Смерть матери, по словам Бунина, «весьма пристукнула» его [461] (письмо М. В. Аверьянову 28 июля 1910 года). Чувствовал он себя очень скверно, но продолжал работать. 20 августа он писал Горькому, отвечая на его письмо: «Вот уж по-истине не умею сказать, как тронуло нас ваше участие к нам!» [462] «Тронул» сочувственный отклик Горького в тяжелые для Бунина дни.

Месяц, прожитый в Москве, Бунин работал с исключительным напряжением, «писал часов по пятнадцати в сутки, боясь оторваться даже на минуту, боясь, что вдруг потухнет во мне, — говорит он в письме к Горькому, — электрическая лампочка и сразу возьмет надо мной полную силу тоска, которой я не давал ходу только работой. А потом это напряжение привело меня к смертельной усталости и сердечным припадкам до ледяного пота, почти до потери сознания.

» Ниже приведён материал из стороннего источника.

(* Let $M,N\ge3$ be integers with $M$ divisible by $(7^{N+1})!$. Let $I_1$ be the sequence consisting of $N$ batches of $M$ identical items each, with item sizes $\frac1{7^N},\frac1{7^{N-1}},\dots,\frac17$ in this order. Let $J_3$ be $I_1$ followed by $M$ items of size $\frac13$; let $J_2$ be $J_3$ followed by $M$ items of size $\frac12$; let $J_{22}$ be $J_3$ followed by $2M$ items of size $\frac12$; and let $J_1$ be $J_2$ followed by $M$ items of size $1$. Then $\mathrm{OPT}(J_3)\le\frac{3M}8$, $\mathrm{OPT}(J_2)\le\frac{2M}3$, $\mathrm{OPT}(J_{22})\le M$ and $\mathrm{OPT}(J_1)\le M$.
   Context: Ordered Open End Bin Packing: a sequence of items with sizes in $(0,1]$ must be packed into bins in sequence order, where an item may be added to a bin only if the bin's current total size is strictly below $1$; equivalently, in each bin the total size of all items except the one appearing last in the sequence is strictly below $1$. $\mathrm{OPT}(I)$ is the minimum number of bins of such a packing of the sequence $I$. *)

theory Defs
  imports Complex_Main
begin

text \<open>Ordered Open End Bin Packing.\<close>

definition oe_valid_packing :: "real list \<Rightarrow> (nat \<Rightarrow> nat) \<Rightarrow> bool" where
  "oe_valid_packing xs f \<longleftrightarrow>
     (\<forall>i < length xs. (\<Sum>j \<in> {j. j < i \<and> f j = f i}. xs ! j) < 1)"

definition bins_used :: "real list \<Rightarrow> (nat \<Rightarrow> nat) \<Rightarrow> nat" where
  "bins_used xs f = card (f ` {..<length xs})"

definition OPT :: "real list \<Rightarrow> nat" where
  "OPT xs = (LEAST k. \<exists>f. oe_valid_packing xs f \<and> bins_used xs f = k)"

definition seqI1 :: "nat \<Rightarrow> nat \<Rightarrow> real list" where
  "seqI1 M N = concat (map (\<lambda>k. replicate M (1 / 7 ^ (N - k))) [0..<N])"
lemma shear_Suc_pCons: "shear (Suc m) c (pCons 0 f) = pCons 0 (shear m c f)"
proof -
  have "shear (Suc m) c (pCons 0 f) = (\<Sum>j\<le>m. smult (coeff f j) (monom 1 (Suc j) * [:1, c:] ^ (m - j)))"
    unfolding shear_def sum.atMost_Suc_shift by simp
  also have "\<dots> = (\<Sum>j\<le>m. monom 1 1 * smult (coeff f j) (monom 1 j * [:1, c:] ^ (m - j)))"
  proof (rule sum.cong)
    show "smult (coeff f j) (monom 1 (Suc j) * [:1, c:] ^ (m - j))
      = monom 1 1 * smult (coeff f j) (monom 1 j * [:1, c:] ^ (m - j))" for j
      using mult_monom[of "1::'a" j 1 1] by (simp add: mult.assoc[symmetric] mult.commute)
  qed simp
  also have "\<dots> = monom 1 1 * shear m c f" unfolding shear_def by (simp add: sum_distrib_left)
  also have "\<dots> = pCons 0 (shear m c f)" by (simp add: monom_Suc mult_pCons_left)
  finally show ?thesis .
qed

lemma shear_Suc_linear_mult:
  assumes "degree f \<le> m"
  shows "shear (Suc m) c ([:1, a:] * f) = [:1, a + c:] * shear m c f"
proof -
  have "[:1, a:] * f = f + pCons 0 (smult a f)" by (simp add: mult_pCons_left)
  then have "shear (Suc m) c ([:1, a:] * f) = [:1, c:] * shear m c f + pCons 0 (smult a (shear m c f))"
    using assms by (simp add: shear_add shear_Suc shear_Suc_pCons shear_smult)
  also have "\<dots> = [:1, a + c:] * shear m c f"
    by (simp add: mult_pCons_left algebra_simps smult_add_left)
  finally show ?thesis .
qed
text \<open>If every element of \<open>F\<close> is matched by \<open>g\<close> to an element outside \<open>F\<close>, and a nonnegative
  pair weight is at least 1 on both orientations of each matched pair, then the total weight
  is at least \<open>2 |F|\<close>: the pairs \<open>(v, g v)\<close> and \<open>(g w, w)\<close> never coincide.\<close>

lemma matched_pairs_weight:
  fixes h :: "'a \<Rightarrow> 'a \<Rightarrow> real"
  assumes V: "finite V" and FV: "F \<subseteq> V"
    and g: "\<And>v. v \<in> F \<Longrightarrow> g v \<in> V - F"
    and nonneg: "\<And>i j. i \<in> V \<Longrightarrow> j \<in> V \<Longrightarrow> h i j \<ge> 0"
    and hit: "\<And>v. v \<in> F \<Longrightarrow> h v (g v) \<ge> 1 \<and> h (g v) v \<ge> 1"
  shows "2 * real (card F) \<le> (\<Sum>i\<in>V. \<Sum>j\<in>V. h i j)"
proof -
  define ind where "ind i j = (if i \<in> F \<and> j = g i then 1 else (0::real))" for i j
  have below: "ind i j + ind j i \<le> h i j" if "i \<in> V" "j \<in> V" for i j
    using nonneg[OF that] hit[of i] hit[of j] g[of i] g[of j] unfolding ind_def by auto
  have "(\<Sum>j\<in>V. ind i j) = (if i \<in> F then 1 else 0)" for i
    using g[of i] V unfolding ind_def by (cases "i \<in> F") auto
  then have total: "(\<Sum>i\<in>V. \<Sum>j\<in>V. ind i j) = real (card F)"
    using V FV by (simp add: sum.If_cases Int_absorb1)
  have "2 * real (card F) = (\<Sum>i\<in>V. \<Sum>j\<in>V. ind i j + ind j i)"
    using total sum.swap[of "\<lambda>i j. ind j i" V V] by (simp add: sum.distrib)
  also have "\<dots> \<le> (\<Sum>i\<in>V. \<Sum>j\<in>V. h i j)"
    by (intro sum_mono below)
  finally show ?thesis .
qed
lemma sums_ln3_weights:
  "(\<lambda>k. (1 / (6 * real k + 1) + 1 / (6 * real k + 5)) / 4
      + (1 / (6 * real k + 2) - 1 / (6 * real k + 3) + 1 / (6 * real k + 4)) / 2
      - 1 / (6 * real k + 6)) sums (3/8 * ln 3)"
proof -
  define g :: "nat \<Rightarrow> nat \<Rightarrow> real" where "g c N = harm (c * N) - ln (real (c * N))" for c N
  have "(\<Sum>k<N. (1 / (6 * real k + 1) + 1 / (6 * real k + 5)) / 4
      + (1 / (6 * real k + 2) - 1 / (6 * real k + 3) + 1 / (6 * real k + 4)) / 2
      - 1 / (6 * real k + 6)) = g 6 N / 4 + g 3 N / 8 - g 2 N / 4 - g 1 N / 8 + 3/8 * ln 3"
    if "N > 0" for N
  proof -
    have "ln (6 * real N) = ln 2 + ln 3 + ln (real N)" "ln (3 * real N) = ln 3 + ln (real N)"
      "ln (2 * real N) = ln 2 + ln (real N)"
      using \<open>N > 0\<close> ln_mult[of 2 3] by (simp_all add: ln_mult)
    then show ?thesis
      unfolding sum_ln3_weights_eq_harm g_def by (simp add: field_simps)
  qed
  then have "\<forall>\<^sub>F N in sequentially. g 6 N / 4 + g 3 N / 8 - g 2 N / 4 - g 1 N / 8 + 3/8 * ln 3 =
      (\<Sum>k<N. (1 / (6 * real k + 1) + 1 / (6 * real k + 5)) / 4
        + (1 / (6 * real k + 2) - 1 / (6 * real k + 3) + 1 / (6 * real k + 4)) / 2
        - 1 / (6 * real k + 6))"
    by (intro eventually_mono[OF eventually_gt_at_top[of 0]]) simp
  moreover have "(\<lambda>N. g 6 N / 4 + g 3 N / 8 - g 2 N / 4 - g 1 N / 8 + 3/8 * ln 3) \<longlonglongrightarrow>
      euler_mascheroni / 4 + euler_mascheroni / 8 - euler_mascheroni / 4 - euler_mascheroni / 8
      + 3/8 * ln 3"
    unfolding g_def by (intro tendsto_intros tendsto_harm_mult_minus_ln) simp_all
  ultimately show ?thesis
    unfolding sums_def by (auto dest: Lim_transform_eventually)
qed
(* Let $\Omega\subseteq\mathbb{R}^d$ be a nonempty open convex set and $F:\Omega\to\mathbb{R}$ a function of Legendre type with Bregman divergence $D_F$. Let $A=\prod_{i=1}^d[a_i,b_i]\subset\mathbb{R}^d$ be an axis-aligned box of positive finite volume (i.e. $a_i<b_i$ real), with boundary $\partial A$. Let $q\in\Omega\setminus A$, let $r\ge 0$ be finite, and let $B$ be the Bregman ball (either the primal ball $\{y\in\Omega: D_F(q\|y)\le r\}$ or the dual ball $\{y\in\Omega: D_F(y\|q)\le r\}$) centered at $q$ of radius $r$. If $B\cap\partial A=\emptyset$, then $A\cap\Omega\subseteq\Omega\setminus B$.
   Context: A function $F:\Omega\to\mathbb{R}$ on a nonempty open convex set $\Omega\subseteq\mathbb{R}^d$ is of Legendre type if (I) it is differentiable, (II) it is strictly convex, and (III) if $\partial\Omega$ is nonempty, then $\|\nabla F(x)\|\to\infty$ as $x\to\partial\Omega$. The Bregman divergence generated by $F$ is $D_F(x\|y)=F(x)-F(y)-\langle\nabla F(y),x-y\rangle$ for $x,y\in\Omega$. *)

theory Defs
  imports "HOL-Analysis.Analysis"
begin

definition strictly_convex_on :: "'a::real_vector set \<Rightarrow> ('a \<Rightarrow> real) \<Rightarrow> bool" where
  "strictly_convex_on S f \<longleftrightarrow>
     (\<forall>x\<in>S. \<forall>y\<in>S. x \<noteq> y \<longrightarrow> (\<forall>t::real. 0 < t \<and> t < 1 \<longrightarrow>
        f ((1 - t) *\<^sub>R x + t *\<^sub>R y) < (1 - t) * f x + t * f y))"

definition grad :: "('a::euclidean_space \<Rightarrow> real) \<Rightarrow> 'a \<Rightarrow> 'a" where
  "grad F y = (\<Sum>i\<in>Basis. frechet_derivative F (at y) i *\<^sub>R i)"

definition legendre_type :: "'a::euclidean_space set \<Rightarrow> ('a \<Rightarrow> real) \<Rightarrow> bool" where
  "legendre_type \<Omega> F \<longleftrightarrow>
     (\<forall>x\<in>\<Omega>. F differentiable (at x)) \<and>
     strictly_convex_on \<Omega> F \<and>
     (frontier \<Omega> \<noteq> {} \<longrightarrow>
        (\<forall>z\<in>frontier \<Omega>. filterlim (\<lambda>x. norm (grad F x)) at_top (at z within \<Omega>)))"

definition bregman :: "('a::euclidean_space \<Rightarrow> real) \<Rightarrow> 'a \<Rightarrow> 'a \<Rightarrow> real" where
  "bregman F x y = F x - F y - inner (grad F y) (x - y)"

definition primal_ball :: "'a::euclidean_space set \<Rightarrow> ('a \<Rightarrow> real) \<Rightarrow> 'a \<Rightarrow> real \<Rightarrow> 'a set" where
  "primal_ball \<Omega> F q r = {y\<in>\<Omega>. bregman F q y \<le> r}"

definition dual_ball :: "'a::euclidean_space set \<Rightarrow> ('a \<Rightarrow> real) \<Rightarrow> 'a \<Rightarrow> real \<Rightarrow> 'a set" where
  "dual_ball \<Omega> F q r = {y\<in>\<Omega>. bregman F y q \<le> r}"

end

theory Submission
  imports Defs
begin

text \<open>Both kinds of Bregman ball around \<open>q\<close> are star-shaped with respect to \<open>q\<close>: along
  the segment from \<open>q\<close> to a point \<open>y\<close> of the ball, \<open>D\<^sub>F(q\<parallel>\<cdot>)\<close> increases because the
  gradient of a convex function is monotone, and \<open>D\<^sub>F(\<cdot>\<parallel>q)\<close> is a convex function vanishing
  at \<open>q\<close>. If \<open>q\<close> lies outside the box and the ball met the box at \<open>y\<close>, the segment
  from \<open>q\<close> to \<open>y\<close> would cross the boundary of the box inside the ball.\<close>

lemma strictly_convex_on_imp_convex_on:
  assumes "convex S" "strictly_convex_on S f"
  shows "convex_on S f"
proof (rule convex_onI[OF _ \<open>convex S\<close>])
  fix t :: real and x y
  assume t: "0 < t" "t < 1" and "x \<in> S" "y \<in> S"
  show "f ((1 - t) *\<^sub>R x + t *\<^sub>R y) \<le> (1 - t) * f x + t * f y"
  proof (cases "x = y")
    case True
    have "(1 - t) *\<^sub>R x + t *\<^sub>R x = x" "(1 - t) * f x + t * f x = f x"
      by (simp_all flip: scaleR_add_left distrib_right)
    with True show ?thesis
      by simp
  next
    case False
    then show ?thesis
      using assms(2) t \<open>x \<in> S\<close> \<open>y \<in> S\<close> unfolding strictly_convex_on_def
      by (simp add: less_imp_le)
  qed
qed

lemma convex_on_derivative_le:
  assumes "convex_on S f" "x \<in> S" "y \<in> S" "(f has_derivative D) (at y)"
  shows "D (x - y) \<le> f x - f y"
proof -
  define g where "g = (\<lambda>t::real. f (y + t *\<^sub>R (x - y)))"
  have "((\<lambda>t::real. y + t *\<^sub>R (x - y)) has_derivative (\<lambda>t. t *\<^sub>R (x - y))) (at 0)"
    by (auto intro!: derivative_eq_intros)
  from has_derivative_compose[OF this, of f D]
  have "(g has_derivative (\<lambda>t. t * D (x - y))) (at 0)"
    using assms(4) has_derivative_linear[OF assms(4)] by (simp add: g_def linear_scale)
  then have "(g has_field_derivative D (x - y)) (at 0)"
    by (simp add: has_field_derivative_def mult.commute[of _ "D (x - y)"])
  then have "((\<lambda>t. (g t - g 0) / (t - 0)) \<longlongrightarrow> D (x - y)) (at_right 0)"
    unfolding has_field_derivative_iff
    by (rule tendsto_mono[rotated]) (simp add: at_le)
  moreover have "\<forall>\<^sub>F t in at_right 0. t \<in> {0::real<..<1}"
    by (rule eventually_at_right_real) simp
  then have "\<forall>\<^sub>F t in at_right 0. (g t - g 0) / (t - 0) \<le> f x - f y"
  proof eventually_elim
    case (elim t)
    have "y + t *\<^sub>R (x - y) = (1 - t) *\<^sub>R y + t *\<^sub>R x"
      by (simp add: algebra_simps)
    then have "g t \<le> (1 - t) * f y + t * f x"
      using convex_onD[OF assms(1), of t y x] elim assms(2,3) by (simp add: g_def)
    then have "g t - g 0 \<le> t * (f x - f y)"
      by (simp add: g_def algebra_simps)
    with elim show ?case
      by (simp add: divide_le_eq mult.commute)
  qed
  ultimately show ?thesis
    by (rule tendsto_le[OF _ tendsto_const, rotated]) simp
qed

lemma inner_grad:
  assumes "F differentiable (at y)"
  shows "grad F y \<bullet> v = frechet_derivative F (at y) v"
proof -
  let ?D = "frechet_derivative F (at y)"
  have "linear ?D"
    using assms frechet_derivative_works has_derivative_linear by blast
  have "?D v = ?D (\<Sum>i\<in>Basis. (v \<bullet> i) *\<^sub>R i)"
    by (simp add: euclidean_representation)
  also have "\<dots> = (\<Sum>i\<in>Basis. (v \<bullet> i) * ?D i)"
    using \<open>linear ?D\<close> by (simp add: linear_sum linear_scale)
  finally have "?D v = (\<Sum>i\<in>Basis. (v \<bullet> i) * ?D i)" .
  then show ?thesis
    unfolding grad_def inner_sum_left inner_scaleR_left by (simp add: inner_commute mult.commute)
qed

lemma convex_on_grad_le:
  assumes "convex_on S F" "x \<in> S" "y \<in> S" "F differentiable (at y)"
  shows "F y + grad F y \<bullet> (x - y) \<le> F x"
  using convex_on_derivative_le[OF assms(1-3) frechet_derivative_works[THEN iffD1, OF assms(4)]]
  by (simp add: inner_grad assms(4))

lemma bregman_nonneg:
  assumes "convex_on S F" "x \<in> S" "y \<in> S" "F differentiable (at y)"
  shows "0 \<le> bregman F x y"
  using convex_on_grad_le[OF assms] by (simp add: bregman_def)

lemma bregman_left_mono_on_segment:
  assumes "convex_on S F" "\<And>x. x \<in> S \<Longrightarrow> F differentiable (at x)"
    and "q \<in> S" "y \<in> S" "z \<in> closed_segment q y"
  shows "bregman F q z \<le> bregman F q y"
proof -
  obtain t where t: "0 \<le> t" "t \<le> 1" and z: "z = (1 - t) *\<^sub>R q + t *\<^sub>R y"
    using assms(5) by (auto simp: in_segment)
  have "z \<in> S"
    using assms(1,3-5) convex_on_imp_convex closed_segment_subset by blast
  define v where "v = y - q"
  have diffs: "z - y = - ((1 - t) *\<^sub>R v)" "y - z = (1 - t) *\<^sub>R v" "q - z = - (t *\<^sub>R v)"
      "q - y = - v"
    by (simp_all add: z v_def algebra_simps)
  show ?thesis
  proof (cases "t = 1")
    case True
    then show ?thesis by (simp add: z)
  next
    case False
    have tangent_y: "F y - (1 - t) * (grad F y \<bullet> v) \<le> F z"
      using convex_on_grad_le[OF assms(1) \<open>z \<in> S\<close> assms(4) assms(2)[OF assms(4)]]
      by (simp add: diffs)
    have "F z + (1 - t) * (grad F z \<bullet> v) \<le> F y"
      using convex_on_grad_le[OF assms(1) assms(4) \<open>z \<in> S\<close> assms(2)[OF \<open>z \<in> S\<close>]]
      by (simp add: diffs)
    with tangent_y have "(1 - t) * (grad F z \<bullet> v) \<le> (1 - t) * (grad F y \<bullet> v)"
      by linarith
    with False t have "t * (grad F z \<bullet> v) \<le> t * (grad F y \<bullet> v)"
      by (simp add: mult_left_mono)
    moreover have "bregman F q z = F q - F z + t * (grad F z \<bullet> v)"
      by (simp add: bregman_def diffs)
    moreover have "bregman F q y = F q - F y + grad F y \<bullet> v"
      by (simp add: bregman_def diffs)
    ultimately show ?thesis
      using tangent_y by (simp add: algebra_simps)
  qed
qed

lemma bregman_right_mono_on_segment:
  assumes "convex_on S F" "F differentiable (at q)" "q \<in> S" "y \<in> S"
    and "z \<in> closed_segment q y"
  shows "bregman F z q \<le> bregman F y q"
proof -
  obtain t where t: "0 \<le> t" "t \<le> 1" and z: "z = (1 - t) *\<^sub>R q + t *\<^sub>R y"
    using assms(5) by (auto simp: in_segment)
  have "F z \<le> (1 - t) * F q + t * F y"
    using convex_onD[OF assms(1) t assms(3,4)] z by simp
  then have "bregman F z q \<le> t * bregman F y q"
    by (simp add: bregman_def z algebra_simps)
  also have "\<dots> \<le> bregman F y q"
    using bregman_nonneg[OF assms(1,4,3,2)] t by (simp add: mult_left_le_one_le)
  finally show ?thesis .
qed

lemma closed_segment_subset_primal_ball:
  assumes "convex_on \<Omega> F" "\<And>x. x \<in> \<Omega> \<Longrightarrow> F differentiable (at x)"
    and "q \<in> \<Omega>" "y \<in> primal_ball \<Omega> F q r"
  shows "closed_segment q y \<subseteq> primal_ball \<Omega> F q r"
  using assms bregman_left_mono_on_segment[OF assms(1,2,3)]
    closed_segment_subset[OF _ _ convex_on_imp_convex[OF assms(1)]]
  unfolding primal_ball_def by fastforce

lemma closed_segment_subset_dual_ball:
  assumes "convex_on \<Omega> F" "F differentiable (at q)"
    and "q \<in> \<Omega>" "y \<in> dual_ball \<Omega> F q r"
  shows "closed_segment q y \<subseteq> dual_ball \<Omega> F q r"
  using assms bregman_right_mono_on_segment[OF assms(1,2,3)]
    closed_segment_subset[OF _ _ convex_on_imp_convex[OF assms(1)]]
  unfolding dual_ball_def by fastforce

lemma Int_empty_if_segments_avoid_frontier:
  fixes S T :: "'a::real_normed_vector set"
  assumes "\<And>y. y \<in> S \<Longrightarrow> closed_segment q y \<subseteq> S" "q \<notin> T" "S \<inter> frontier T = {}"
  shows "S \<inter> T = {}"
proof (rule ccontr)
  assume "S \<inter> T \<noteq> {}"
  then obtain y where "y \<in> S" "y \<in> T" by blast
  then have "closed_segment q y \<inter> frontier T \<noteq> {}"
    using assms(2) by (intro connected_Int_frontier) auto
  with assms(1)[OF \<open>y \<in> S\<close>] assms(3) show False by blast
qed

theorem lemma3:
  fixes \<Omega> :: "'a::euclidean_space set" and F :: "'a \<Rightarrow> real"
    and a b q :: 'a and r :: real and B :: "'a set"
  assumes "\<Omega> \<noteq> {}" and "open \<Omega>" and "convex \<Omega>"
    and "legendre_type \<Omega> F"
    and "\<forall>i\<in>Basis. a \<bullet> i < b \<bullet> i"
    and "q \<in> \<Omega> - cbox a b"
    and "r \<ge> 0"
    and "B = primal_ball \<Omega> F q r \<or> B = dual_ball \<Omega> F q r"
    and "B \<inter> frontier (cbox a b) = {}"
  shows "cbox a b \<inter> \<Omega> \<subseteq> \<Omega> - B"
proof -
  have convex_F: "convex_on \<Omega> F" and diff_F: "\<And>x. x \<in> \<Omega> \<Longrightarrow> F differentiable (at x)"
    using assms(3,4) strictly_convex_on_imp_convex_on unfolding legendre_type_def by auto
  have q: "q \<in> \<Omega>" "q \<notin> cbox a b"
    using assms(6) by auto
  have "closed_segment q y \<subseteq> B" if "y \<in> B" for y
    using assms(8) closed_segment_subset_primal_ball[OF convex_F diff_F q(1)]
      closed_segment_subset_dual_ball[OF convex_F diff_F[OF q(1)] q(1)] that
    by blast
  then have "B \<inter> cbox a b = {}"
    using q(2) assms(9) by (rule Int_empty_if_segments_avoid_frontier)
  then show ?thesis
    by blast
qed

end
theorem lemma4:
  fixes q m n k :: nat
    and g :: "nat \<Rightarrow> 'a::{finite, field}"
    and a1 :: 'a and c :: "nat \<Rightarrow> 'a"
  assumes "prime_power q"
    and "card (UNIV :: 'a set) = q ^ m"
    and "1 \<le> k" and "k + 1 < n" and "n \<le> m"
    and "Fq_lin_indep q n g"
  defines "f \<equiv> (\<lambda>x::'a. x ^ (q ^ (k+1)) - a1 * x ^ (q ^ k) + (\<Sum>i<k. c i * x ^ (q ^ i)))"
  defines "\<sigma> \<equiv> (\<lambda>j. if j < n then f (g j) else 0)"
  shows "hamming_to_code n \<sigma> (gabidulin q k n g) \<noteq> n - k \<longleftrightarrow>
    (\<exists>\<iota>::nat \<Rightarrow> nat. inj_on \<iota> {..k} \<and> \<iota> ` {..k} \<subseteq> {..<n} \<and>
       a1 = det (R_mat q k (g \<circ> \<iota>)) / det (moore_mat q (k+1) (k+1) (g \<circ> \<iota>)))"
proof -
  have det_nonzero: "det (moore_mat q t t (g \<circ> \<iota>)) \<noteq> 0"
    if "inj_on \<iota> {..<t}" and "\<iota> ` {..<t} \<subseteq> {..<n}" for \<iota> t
    using prime_power_ge_2[OF assms(1)] that
    by (intro det_moore_mat_nonzero[OF assms(1,2)] Fq_lin_indep_comp[OF assms(6)]) auto
  have f_eq: "f x = x ^ (q ^ (k+1)) - a1 * x ^ (q ^ k) + lin_eval q k c x" for x
    by (simp add: f_def lin_eval_def)
  obtain a0 where "\<forall>j<k. lin_eval q k a0 (g j) = f (g j)"
    using moore_interpolation[OF det_nonzero[of id k], of "\<lambda>j. f (g j)"] assms(4) by auto
  hence "hamming_to_code n \<sigma> (gabidulin q k n g) \<noteq> n - k \<longleftrightarrow>
      (\<exists>\<iota>. inj_on \<iota> {..k} \<and> \<iota> ` {..k} \<subseteq> {..<n} \<and>
         (\<exists>a. \<forall>j\<le>k. f (g (\<iota> j)) = lin_eval q k a (g (\<iota> j))))"
    unfolding \<sigma>_def using assms(4) by (intro hamming_to_code_gabidulin_ne_diff_iff) auto
  also have "\<dots> \<longleftrightarrow> (\<exists>\<iota>. inj_on \<iota> {..k} \<and> \<iota> ` {..k} \<subseteq> {..<n} \<and>
      a1 = det (R_mat q k (g \<circ> \<iota>)) / det (moore_mat q (k+1) (k+1) (g \<circ> \<iota>)))"
  proof (intro ex_cong1 conj_cong refl)
    fix \<iota> assume "inj_on \<iota> {..k}" and "\<iota> ` {..k} \<subseteq> {..<n}"
    hence "det (moore_mat q (k+1) (k+1) (g \<circ> \<iota>)) \<noteq> 0"
      using det_nonzero[of \<iota> "k+1"] by (simp add: lessThan_Suc_atMost)
    from ex_lin_eval_agreeing_iff_det_ratio[OF this, of a1 c]
    show "(\<exists>a. \<forall>j\<le>k. f (g (\<iota> j)) = lin_eval q k a (g (\<iota> j))) \<longleftrightarrow>
        a1 = det (R_mat q k (g \<circ> \<iota>)) / det (moore_mat q (k+1) (k+1) (g \<circ> \<iota>))"
      by (simp add: f_eq)
  qed
  finally show ?thesis .
qed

…Повесть я кончил (считаю, что погубил, ибо сначала взял слишком тесные рамки, а последнее время было чересчур тяжко работать)…» [463].

Много значило для Бунина в это тяжелое время то, что рядом была Вера Николаевна. Вспоминая этот трудный для них год, Вера Николаевна писала Бунину 9 сентября 1912 года: «Никто, кроме меня, не умеет тебя успокоить. Ведь ты помнишь в годы, когда ты писал вторую часть „Деревни“, и холера в Москве была, и горе большое у тебя было, я сумела так тебя лелеять, что ты чувствовал себя, насколько при данных условиях было можно, хорошо…» [464]

Об этом периоде их жизни В. Н. Муромцева-Бунина писала 23 июля 1957 года: из Ефремова «мы с Иваном Алексеевичем уехали в Москву: мать настаивала, чтобы он не присутствовал во время ее кончины, так как всякая смерть на него действовала ужасно, и она это знала, знала, что он с детства боялся потерять ее.

Вскоре после нашего приезда в Москву пришла роковая телеграмма. Мы жили вдвоем в нашем особнячке в Столовом переулке. Иван Алексеевич по 12 часов в день писал „Деревню“, вторую часть, никого не видел, только по вечерам мы ходили гулять по переулкам».

Мария Карловна Куприна и Н. И. Иорданский, боясь задержать ближайшие номера журнала, торопили Бунина. Возвратившись в августе из-за границы, Иорданский просил рукопись «Деревни» и писал: «Присылайте поскорее, и тогда мы сделаем усилие, чтобы вместить окончание в октябре. Видели мы Горького; он очень тепло говорил о вас и Вере Николаевне и очень хвалил „Деревню“» [465].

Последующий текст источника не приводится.